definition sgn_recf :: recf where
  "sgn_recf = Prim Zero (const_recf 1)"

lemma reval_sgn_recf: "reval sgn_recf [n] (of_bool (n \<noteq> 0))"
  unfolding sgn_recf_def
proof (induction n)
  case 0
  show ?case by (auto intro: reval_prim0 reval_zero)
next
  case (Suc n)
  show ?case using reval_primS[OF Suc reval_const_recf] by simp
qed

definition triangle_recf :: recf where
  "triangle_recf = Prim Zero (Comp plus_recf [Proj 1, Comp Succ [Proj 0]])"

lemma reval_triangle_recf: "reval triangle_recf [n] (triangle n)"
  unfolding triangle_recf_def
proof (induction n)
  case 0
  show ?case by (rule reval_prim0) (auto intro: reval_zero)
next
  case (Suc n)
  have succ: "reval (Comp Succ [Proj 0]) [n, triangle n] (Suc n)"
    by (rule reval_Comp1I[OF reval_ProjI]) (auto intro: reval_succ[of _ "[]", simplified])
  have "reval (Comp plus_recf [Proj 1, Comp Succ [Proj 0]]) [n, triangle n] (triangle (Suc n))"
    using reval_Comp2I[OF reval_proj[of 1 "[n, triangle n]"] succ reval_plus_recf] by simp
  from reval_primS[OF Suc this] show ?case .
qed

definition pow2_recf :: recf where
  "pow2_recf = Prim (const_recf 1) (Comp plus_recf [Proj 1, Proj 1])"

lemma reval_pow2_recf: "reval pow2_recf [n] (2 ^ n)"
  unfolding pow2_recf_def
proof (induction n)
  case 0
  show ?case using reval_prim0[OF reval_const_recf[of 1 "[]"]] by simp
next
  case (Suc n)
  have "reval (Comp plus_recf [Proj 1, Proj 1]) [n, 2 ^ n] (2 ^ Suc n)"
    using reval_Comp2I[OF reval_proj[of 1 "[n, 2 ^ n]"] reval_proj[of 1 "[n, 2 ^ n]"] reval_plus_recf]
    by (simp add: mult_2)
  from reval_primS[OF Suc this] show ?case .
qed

• • • • •

ACTION ITEM |
Set down the whole of the material, exactly.

SOLUTION FOR THIS PROBLEM |
definition sgn_recf :: recf where
  "sgn_recf = Prim Zero (const_recf 1)"

lemma reval_sgn_recf: "reval sgn_recf [n] (of_bool (n \<noteq> 0))"
  unfolding sgn_recf_def
proof (induction n)
  case 0
  show ?case by (auto intro: reval_prim0 reval_zero)
next
  case (Suc n)
  show ?case using reval_primS[OF Suc reval_const_recf] by simp
qed

definition triangle_recf :: recf where
  "triangle_recf = Prim Zero (Comp plus_recf [Proj 1, Comp Succ [Proj 0]])"

lemma reval_triangle_recf: "reval triangle_recf [n] (triangle n)"
  unfolding triangle_recf_def
proof (induction n)
  case 0
  show ?case by (rule reval_prim0) (auto intro: reval_zero)
next
  case (Suc n)
  have succ: "reval (Comp Succ [Proj 0]) [n, triangle n] (Suc n)"
    by (rule reval_Comp1I[OF reval_ProjI]) (auto intro: reval_succ[of _ "[]", simplified])
  have "reval (Comp plus_recf [Proj 1, Comp Succ [Proj 0]]) [n, triangle n] (triangle (Suc n))"
    using reval_Comp2I[OF reval_proj[of 1 "[n, triangle n]"] succ reval_plus_recf] by simp
  from reval_primS[OF Suc this] show ?case .
qed

definition pow2_recf :: recf where
  "pow2_recf = Prim (const_recf 1) (Comp plus_recf [Proj 1, Proj 1])"

lemma reval_pow2_recf: "reval pow2_recf [n] (2 ^ n)"
  unfolding pow2_recf_def
proof (induction n)
  case 0
  show ?case using reval_prim0[OF reval_const_recf[of 1 "[]"]] by simp
next
  case (Suc n)
  have "reval (Comp plus_recf [Proj 1, Proj 1]) [n, 2 ^ n] (2 ^ Suc n)"
    using reval_Comp2I[OF reval_proj[of 1 "[n, 2 ^ n]"] reval_proj[of 1 "[n, 2 ^ n]"] reval_plus_recf]
    by (simp add: mult_2)
  from reval_primS[OF Suc this] show ?case .
qed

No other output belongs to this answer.